Abalone > How did I miss that?

I've always hated ketchup which may seem odd given its popularity. Not that I am one to hop on the popularity bandwagon, but I love everything else that surrounds ketchup - burgers, fries, and Coke. Where did this odd bias come from? My brother.

For as long as I can remember, he put ketchup on everything; two pieces of bread with ketchup in the middle constituted a "sandwich". He ate ketchup on potato chips, mounds of ketchup on fries, ketchup ketchup ketchup. It didn't help that I already had a distaste for so many foods in this country being sweet; of which the worst offender of all time is "Miracle Whip." If you've ever naively mistaken it for mayonnaise, you know the palate-wrenching horror that ensues. If you haven't imagine oily cake frosting. Yeah, nasty.

In essence, I had 30 years of prejudice against ketchup. I've done just fine in defiance of it, cringing should it wind up in a burger without my knowledge, but I knew that to truly "get" food, I needed to overcome my bias. Thanks to Jeffrey Steingarten, whose brilliant book "The Man Who Ate Everything", included a chapter about him overcoming much more formidable food "obstacles", such as oysters, I felt confident I could conquer ketchup. In fact, it was an entire chapter he dedicated to "the best" ketchup debate that really drove me to reconcile my distaste with such a perfectly formulated sauce.

I sat down with the best fries on earth (In-and-Out Burger), a large Coke (he prefers the vile "diet" version), and a burger to balance things out. It was tough. Re-educating a palate, stuck firm for so long, took some time. Ketchup and I are now on fantastic terms. I was, if you will, playing catch-up with ketchup. (I actually wrote this entire blog entry just to do that joke.)

Another culinary breakthrough happened again last night, though not out of bias, but out of neglect: abalone. It felt like one of those dreams where you arrive at school (or work) without clothing. The question should be, "When is the last time you had abalone", not "Have you ever had abalone?" How did I miss something so obvious? I love every other kind of shellfish, how did I miss this one?

It was time for reconcilliation.

Rather than take on the task of cooking something myself for the first time, I did the smart thing; I let someone who has done it before do the cooking for me.

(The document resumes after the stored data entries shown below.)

(* Let $T>0$ and let $a\in C[0,1]$ with $a>0$ on $(0,1]$, $a(0)=0$ and $x\mapsto x/a(x)$ integrable, so that $p(x)=\int_0^x\frac{y}{a(y)}e^{y^2}dy$ is bounded on $[0,1]$ with $\|p\|_{L^\infty(0,1)}>0$. Let $\sigma\in C^2([0,1])$ with $\sigma>0$ in $(0,1)$, $\sigma(0)=\sigma(1)=0$, and choose $\beta=4$, $\rho>\frac{\ln 2}{\|\sigma\|_\infty}$, and $$\lambda\in\Big[\frac{e^{2\rho\|\sigma\|_\infty}-1}{(\beta-1)\|p\|_{L^\infty(0,1)}},\ \frac{2(e^{2\rho\|\sigma\|_\infty}-e^{\rho\|\sigma\|_\infty})}{(\beta-1)\|p\|_{L^\infty(0,1)}}\Big).$$ Let $T^*=(1+\varepsilon)\frac T2$ with $\varepsilon\in\big(0,\sqrt{1-\tfrac{2\sqrt2}{3}}\big)$. Then $$2\big(\hat\phi(0)-\check\phi(T^* )+\hat\Phi(0)\big)<0.$$
   Context: $\theta(t)=\frac{1}{[t(T-t)]^2}$; $\nu(t)=\theta(T/2)$ on $[0,T/2]$, $\nu(t)=\theta(t)$ on $[T/2,T]$; $\psi(x)=\lambda(p(x)-\beta\|p\|_{L^\infty(0,1)})$; $\Psi(x)=e^{\rho\sigma(x)}-e^{2\rho\|\sigma\|_\infty}$; $\tilde\phi(t,x)=\nu(t)\psi(x)$, $\tilde\Phi(t,x)=\nu(t)\Psi(x)$; $\hat\phi(t)=\max_{x\in[0,1]}\tilde\phi(t,x)$, $\check\phi(t)=\min_{x\in[0,1]}\tilde\phi(t,x)$, $\hat\Phi(t)=\max_{x\in[0,1]}\tilde\Phi(t,x)$. *)

theory Defs
  imports "HOL-Analysis.Analysis"
begin

definition C2_on :: "real set \<Rightarrow> (real \<Rightarrow> real) \<Rightarrow> bool" where
  "C2_on S f \<longleftrightarrow> (\<exists>f' f''. (\<forall>x\<in>S. (f has_real_derivative f' x) (at x within S)
      \<and> (f' has_real_derivative f'' x) (at x within S)) \<and> continuous_on S f'')"

definition supnorm01 :: "(real \<Rightarrow> real) \<Rightarrow> real" where
  "supnorm01 f = (SUP x\<in>{0..1}. \<bar>f x\<bar>)"

definition pfun :: "(real \<Rightarrow> real) \<Rightarrow> real \<Rightarrow> real" where
  "pfun a x = integral {0..x} (\<lambda>y. y / a y * exp (y^2))"

definition theta :: "real \<Rightarrow> real \<Rightarrow> real" where
  "theta T t = 1 / (t * (T - t))^2"

definition nu :: "real \<Rightarrow> real \<Rightarrow> real" where
  "nu T t = (if t \<le> T/2 then theta T (T/2) else theta T t)"

definition psi :: "(real \<Rightarrow> real) \<Rightarrow> real \<Rightarrow> real \<Rightarrow> real \<Rightarrow> real" where
  "psi a lam \<beta> x = lam * (pfun a x - \<beta> * supnorm01 (pfun a))"

definition Psi :: "(real \<Rightarrow> real) \<Rightarrow> real \<Rightarrow> real \<Rightarrow> real" where
  "Psi \<sigma> \<rho> x = exp (\<rho> * \<sigma> x) - exp (2 * \<rho> * supnorm01 \<sigma>)"

definition phi_hat :: "real \<Rightarrow> (real \<Rightarrow> real) \<Rightarrow> real \<Rightarrow> real \<Rightarrow> real \<Rightarrow> real" where
  "phi_hat T a lam \<beta> t = (SUP x\<in>{0..1}. nu T t * psi a lam \<beta> x)"

definition phi_check :: "real \<Rightarrow> (real \<Rightarrow> real) \<Rightarrow> real \<Rightarrow> real \<Rightarrow> real \<Rightarrow> real" where
  "phi_check T a lam \<beta> t = (INF x\<in>{0..1}. nu T t * psi a lam \<beta> x)"

definition Phi_hat :: "real \<Rightarrow> (real \<Rightarrow> real) \<Rightarrow> real \<Rightarrow> real \<Rightarrow> real" where
  "Phi_hat T \<sigma> \<rho> t = (SUP x\<in>{0..1}. nu T t * Psi \<sigma> \<rho> x)"

end

theory Submission
  imports Defs
begin

text \<open>
  Write P = supnorm01 (pfun a) and S = supnorm01 \<sigma>. Since 0 \<le> p \<le> P and \<sigma> \<le> S on [0,1],
  phi_hat(0) \<le> -3 lam P nu(0), phi_check(T*) \<ge> -4 lam P nu(T*) and
  Phi_hat(0) \<le> nu(0) (e^(\<rho> S) - e^(2 \<rho> S)). Moreover nu(0) = 16/T^4 and
  nu(T*) = nu(0) / (1 - \<epsilon>^2)^2 < 9/8 nu(0) by the choice of \<epsilon>. Hence the quantity is
  below 2 nu(0) (3/2 lam P - (e^(2 \<rho> S) - e^(\<rho> S))), which is negative by the upper
  bound on lam; the lower bound on lam only serves to make lam nonnegative.
\<close>

lemma integrable_on_mult_continuous_nonneg:
  fixes g h :: "real \<Rightarrow> real"
  assumes g: "g integrable_on {u..v}" and g_nonneg: "\<And>y. y \<in> {u..v} \<Longrightarrow> 0 \<le> g y"
    and h: "continuous_on {u..v} h"
  shows "(\<lambda>y. g y * h y) integrable_on {u..v}"
proof -
  have "g absolutely_integrable_on {u..v}"
    using nonnegative_absolutely_integrable_1[OF g] g_nonneg by blast
  moreover have "bounded (h ` {u..v})"
    by (intro compact_imp_bounded compact_continuous_image h) simp
  ultimately have "(\<lambda>y. h y * g y) absolutely_integrable_on {u..v}"
    by (intro absolutely_integrable_bounded_measurable_product_real
        continuous_imp_measurable_on_sets_lebesgue[OF h]) auto
  then show ?thesis
    by (simp add: mult.commute absolutely_integrable_on_def)
qed

lemma divide_nonneg_if_pos_on:
  fixes a :: "real \<Rightarrow> real"
  assumes "\<forall>x\<in>{0<..1}. a x > 0" and "y \<in> {0..1}"
  shows "0 \<le> y / a y"
  using assms by (cases "y = 0") (auto intro!: divide_nonneg_pos)

lemma pfun_bounds:
  fixes a :: "real \<Rightarrow> real"
  assumes nonneg: "\<And>y. y \<in> {0..1} \<Longrightarrow> 0 \<le> y / a y"
    and int: "(\<lambda>y. y / a y) integrable_on {0..1}"
    and x: "x \<in> {0..1}"
  shows "0 \<le> pfun a x" and "pfun a x \<le> pfun a 1"
proof -
  define f where "f = (\<lambda>y::real. y / a y * exp (y^2))"
  have f_nonneg: "0 \<le> f y" if "y \<in> {0..1}" for y
    unfolding f_def by (rule mult_nonneg_nonneg[OF nonneg[OF that]]) simp
  have f_int: "f integrable_on {0..1}"
    unfolding f_def
    by (intro integrable_on_mult_continuous_nonneg int nonneg continuous_intros)
  have f_int_x: "f integrable_on {0..x}"
    by (rule integrable_on_subinterval[OF f_int]) (use x in auto)
  have "0 \<le> integral {0..x} f"
    by (rule integral_nonneg[OF f_int_x]) (use x f_nonneg in auto)
  moreover have "integral {0..x} f \<le> integral {0..1} f"
    by (rule integral_subset_le[OF _ f_int_x f_int]) (use x f_nonneg in auto)
  ultimately show "0 \<le> pfun a x" and "pfun a x \<le> pfun a 1"
    unfolding pfun_def f_def by simp_all
qed

lemma abs_le_supnorm01:
  assumes "bdd_above ((\<lambda>x. \<bar>f x\<bar>) ` {0..1})" and "x \<in> {0..1}"
  shows "\<bar>f x\<bar> \<le> supnorm01 f"
  unfolding supnorm01_def using assms by (rule cSUP_upper2) simp

lemma continuous_on_imp_abs_le_supnorm01:
  assumes "continuous_on {0..1} f" and "x \<in> {0..1}"
  shows "\<bar>f x\<bar> \<le> supnorm01 f"
proof (rule abs_le_supnorm01[OF _ assms(2)])
  show "bdd_above ((\<lambda>x. \<bar>f x\<bar>) ` {0..1})"
    by (intro bounded_imp_bdd_above compact_imp_bounded compact_continuous_image
        continuous_intros assms(1)) simp
qed

lemma supnorm01_pos:
  assumes "continuous_on {0..1} f" and "x \<in> {0..1}" and "f x \<noteq> 0"
  shows "0 < supnorm01 f"
  using continuous_on_imp_abs_le_supnorm01[OF assms(1,2)] assms(3) by linarith

lemma pfun_le_supnorm01:
  fixes a :: "real \<Rightarrow> real"
  assumes "\<And>y. y \<in> {0..1} \<Longrightarrow> 0 \<le> y / a y"
    and "(\<lambda>y. y / a y) integrable_on {0..1}"
    and "x \<in> {0..1}"
  shows "pfun a x \<le> supnorm01 (pfun a)"
proof -
  have "bdd_above ((\<lambda>x. \<bar>pfun a x\<bar>) ` {0..1})"
    using pfun_bounds[OF assms(1,2)] by (intro bdd_aboveI2[where M = "pfun a 1"]) force
  then show ?thesis
    using abs_le_supnorm01[OF _ assms(3)] by force
qed

lemma C2_on_imp_continuous_on:
  assumes "C2_on S f"
  shows "continuous_on S f"
proof -
  obtain f' where "\<forall>x\<in>S. (f has_real_derivative f' x) (at x within S)"
    using assms unfolding C2_on_def by blast
  then show ?thesis
    by (intro DERIV_continuous_on) auto
qed

lemma nu_nonneg: "0 \<le> nu T t"
  unfolding nu_def theta_def by simp

lemma theta_shifted_midpoint:
  "theta T ((1 + \<epsilon>) * T / 2) = 16 / (T^4 * (1 - \<epsilon>^2)^2)"
proof -
  have product: "(1 + \<epsilon>) * T / 2 * (T - (1 + \<epsilon>) * T / 2) = T^2 * (1 - \<epsilon>^2) / 4"
    by (simp add: field_simps power2_eq_square)
  show ?thesis
    unfolding theta_def product by (simp add: power_divide power_mult_distrib flip: power_mult)
qed

lemma nu_eq_theta: "T / 2 \<le> t \<Longrightarrow> nu T t = theta T t"
  unfolding nu_def by auto

lemma nu_0:
  assumes "0 \<le> T"
  shows "nu T 0 = 16 / T^4"
  using assms theta_shifted_midpoint[of T 0] unfolding nu_def by simp

lemma nu_shifted_midpoint:
  assumes "0 \<le> T" and "0 \<le> \<epsilon>"
  shows "nu T ((1 + \<epsilon>) * T / 2) = 16 / (T^4 * (1 - \<epsilon>^2)^2)"
proof -
  have "T / 2 \<le> (1 + \<epsilon>) * T / 2"
    using mult_nonneg_nonneg[OF assms(2,1)] by (simp add: algebra_simps)
  then show ?thesis
    by (simp add: nu_eq_theta theta_shifted_midpoint)
qed

lemma one_minus_sq_sq_gt:
  fixes \<epsilon> :: real
  assumes "\<bar>\<epsilon>\<bar> < sqrt (1 - 2 * sqrt 2 / 3)"
  shows "8 / 9 < (1 - \<epsilon>^2)^2"
proof -
  have "sqrt 2 < 3 / 2"
    by (rule real_less_lsqrt) (auto simp: power2_eq_square)
  then have "\<epsilon>^2 < 1 - 2 * sqrt 2 / 3"
    using assms by (metis real_sqrt_abs real_sqrt_less_iff)
  then have "2 * sqrt 2 / 3 < 1 - \<epsilon>^2"
    by linarith
  then have "(2 * sqrt 2 / 3)^2 < (1 - \<epsilon>^2)^2"
    by (intro power_strict_mono) auto
  then show ?thesis
    by (simp add: power_divide power_mult_distrib)
qed

lemma SUP_mult_le:
  fixes f :: "'a \<Rightarrow> real"
  assumes "A \<noteq> {}" and "0 \<le> c" and "\<And>x. x \<in> A \<Longrightarrow> f x \<le> M"
  shows "(SUP x\<in>A. c * f x) \<le> c * M"
  using assms by (intro cSUP_least) (auto intro: mult_left_mono)

lemma INF_mult_ge:
  fixes f :: "'a \<Rightarrow> real"
  assumes "A \<noteq> {}" and "0 \<le> c" and "\<And>x. x \<in> A \<Longrightarrow> m \<le> f x"
  shows "c * m \<le> (INF x\<in>A. c * f x)"
  using assms by (intro cINF_greatest) (auto intro: mult_left_mono)

lemma phi_hat_le:
  assumes "0 \<le> lam" and "\<And>x. x \<in> {0..1} \<Longrightarrow> pfun a x \<le> M"
  shows "phi_hat T a lam \<beta> t \<le> nu T t * (lam * (M - \<beta> * supnorm01 (pfun a)))"
  unfolding phi_hat_def psi_def
  using assms by (intro SUP_mult_le nu_nonneg) (auto intro: mult_left_mono)

lemma phi_check_ge:
  assumes "0 \<le> lam" and "\<And>x. x \<in> {0..1} \<Longrightarrow> m \<le> pfun a x"
  shows "nu T t * (lam * (m - \<beta> * supnorm01 (pfun a))) \<le> phi_check T a lam \<beta> t"
  unfolding phi_check_def psi_def
  using assms by (intro INF_mult_ge nu_nonneg) (auto intro: mult_left_mono)

lemma Phi_hat_le:
  assumes "0 \<le> \<rho>" and "\<And>x. x \<in> {0..1} \<Longrightarrow> \<sigma> x \<le> M"
  shows "Phi_hat T \<sigma> \<rho> t \<le> nu T t * (exp (\<rho> * M) - exp (2 * \<rho> * supnorm01 \<sigma>))"
  unfolding Phi_hat_def Psi_def
  using assms by (intro SUP_mult_le nu_nonneg) (auto intro: mult_left_mono)

lemma lambda_window:
  fixes P E1 E2 lam :: real
  assumes lower: "(E2 - 1) / (3 * P) \<le> lam" and upper: "lam < 2 * (E2 - E1) / (3 * P)"
    and "0 \<le> P" and "1 \<le> E2"
  shows "0 \<le> lam" and "lam * P < 2 * (E2 - E1) / 3"
proof -
  have "P \<noteq> 0"
    using lower upper by auto
  with \<open>0 \<le> P\<close> have "0 < P"
    by simp
  then show "0 \<le> lam"
    using lower \<open>1 \<le> E2\<close> by (smt (verit) divide_nonneg_pos)
  show "lam * P < 2 * (E2 - E1) / 3"
    using upper \<open>0 < P\<close> by (simp add: field_simps)
qed

lemma weighted_bounds_sum_neg:
  fixes c q lam P D h k H :: real
  assumes "h \<le> c * (lam * (P - 4 * P))" and "c / q * (lam * (0 - 4 * P)) \<le> k"
    and "H \<le> - c * D"
    and "0 < c" and "8 / 9 < q" and "0 \<le> lam" and "0 \<le> P" and "lam * P < 2 * D / 3"
  shows "h - k + H < 0"
proof -
  have "4 / q - 3 \<le> 3 / 2"
    using \<open>8 / 9 < q\<close> by (simp add: field_simps)
  then have "lam * P * (4 / q - 3) \<le> lam * P * (3 / 2)"
    using \<open>0 \<le> lam\<close> \<open>0 \<le> P\<close> by (intro mult_left_mono) auto
  also have "\<dots> < D"
    using assms(8) by simp
  finally have "c * (lam * P * (4 / q - 3) - D) < 0"
    using \<open>0 < c\<close> by (intro mult_pos_neg) auto
  moreover have "c * (lam * P * (4 / q - 3) - D)
      = c * (lam * (P - 4 * P)) - c / q * (lam * (0 - 4 * P)) - c * D"
    by (simp add: algebra_simps)
  ultimately show ?thesis
    using assms(1-3) by linarith
qed

theorem mainTheorem8:
  fixes T \<beta> \<rho> lam \<epsilon> Tstar :: real and a \<sigma> :: "real \<Rightarrow> real"
  assumes "T > 0"
    and "continuous_on {0..1} a" and "\<forall>x\<in>{0<..1}. a x > 0" and "a 0 = 0"
    and "(\<lambda>x. x / a x) integrable_on {0..1}"
    and "C2_on {0..1} \<sigma>" and "\<forall>x\<in>{0<..<1}. \<sigma> x > 0" and "\<sigma> 0 = 0" and "\<sigma> 1 = 0"
    and "\<beta> = 4"
    and "\<rho> > ln 2 / supnorm01 \<sigma>"
    and "(exp (2 * \<rho> * supnorm01 \<sigma>) - 1) / ((\<beta> - 1) * supnorm01 (pfun a)) \<le> lam"
    and "lam < 2 * (exp (2 * \<rho> * supnorm01 \<sigma>) - exp (\<rho> * supnorm01 \<sigma>)) / ((\<beta> - 1) * supnorm01 (pfun a))"
    and "0 < \<epsilon>" and "\<epsilon> < sqrt (1 - 2 * sqrt 2 / 3)"
    and "Tstar = (1 + \<epsilon>) * T / 2"
  shows "2 * (phi_hat T a lam \<beta> 0 - phi_check T a lam \<beta> Tstar + Phi_hat T \<sigma> \<rho> 0) < 0"
proof -
  define P S where "P = supnorm01 (pfun a)" and "S = supnorm01 \<sigma>"
  note ratio_nonneg = divide_nonneg_if_pos_on[OF assms(3)]
  note p_nonneg = pfun_bounds(1)[OF ratio_nonneg assms(5)]
  note p_le = pfun_le_supnorm01[OF ratio_nonneg assms(5), folded P_def]
  note \<sigma>_cont = C2_on_imp_continuous_on[OF assms(6)]
  have "0 \<le> P"
    using p_nonneg[of 0] p_le[of 0] by simp
  have \<sigma>_le: "\<sigma> x \<le> S" if "x \<in> {0..1}" for x
    using continuous_on_imp_abs_le_supnorm01[OF \<sigma>_cont that] unfolding S_def by linarith
  have "0 < \<sigma> (1/2)"
    using assms(7) by simp
  then have "0 < S"
    using supnorm01_pos[OF \<sigma>_cont, of "1/2"] unfolding S_def by simp
  then have "0 < ln 2 / S"
    by simp
  then have "0 < \<rho>"
    using assms(11) unfolding S_def by linarith
  then have "1 \<le> exp (2 * \<rho> * S)"
    using \<open>0 < S\<close> by simp
  with assms(10,12,13) \<open>0 \<le> P\<close> have "0 \<le> lam"
    and lam_P: "lam * P < 2 * (exp (2 * \<rho> * S) - exp (\<rho> * S)) / 3"
    using lambda_window[of "exp (2 * \<rho> * S)" P lam "exp (\<rho> * S)"]
    unfolding P_def S_def by simp_all
  show ?thesis
  proof (intro mult_pos_neg[of 2]
      weighted_bounds_sum_neg[OF _ _ _ _ _ \<open>0 \<le> lam\<close> \<open>0 \<le> P\<close> lam_P])
    show "phi_hat T a lam \<beta> 0 \<le> 16 / T^4 * (lam * (P - 4 * P))"
      using phi_hat_le[OF \<open>0 \<le> lam\<close> p_le, where T = T and \<beta> = \<beta> and t = 0] assms(1,10)
      by (simp add: nu_0 P_def)
    show "16 / T^4 / (1 - \<epsilon>^2)^2 * (lam * (0 - 4 * P)) \<le> phi_check T a lam \<beta> Tstar"
      unfolding assms(16)
      using phi_check_ge[OF \<open>0 \<le> lam\<close> p_nonneg,
          where T = T and \<beta> = \<beta> and t = "(1 + \<epsilon>) * T / 2"] assms(1,10,14)
      by (simp add: nu_shifted_midpoint P_def)
    show "Phi_hat T \<sigma> \<rho> 0 \<le> - (16 / T^4) * (exp (2 * \<rho> * S) - exp (\<rho> * S))"
      using Phi_hat_le[of \<rho> \<sigma> S T 0, OF less_imp_le[OF \<open>0 < \<rho>\<close>] \<sigma>_le] assms(1)
      by (simp add: nu_0 S_def algebra_simps)
    show "8 / 9 < (1 - \<epsilon>^2)^2"
      using assms(14,15) by (intro one_minus_sq_sq_gt) simp
  qed (use assms(1) in simp_all)
qed

end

"Diane" ran through the usual caveats, "This is definitely not gourmet, I don't know if you're going to like this, this isn't fancy", yadda yadda yadda. What she didn't know is that I was humbled to have her cook for me and, more specifically, cook something I had no idea how to prepare. I stood back, said little, took pictures, and learned.

They were magnificent and just as she described, mild, firm but not rubbery in texture, like well-prepared calamari, breaded and fried, with a simple salad, potatoes, and wine. It didn't need a sauce swirled on a plate, exotic knife skills, or obscure ingredients. That meal, like art and good design of any kind, was successful - not because there's nothing else to add, but because there's nothing else to take away.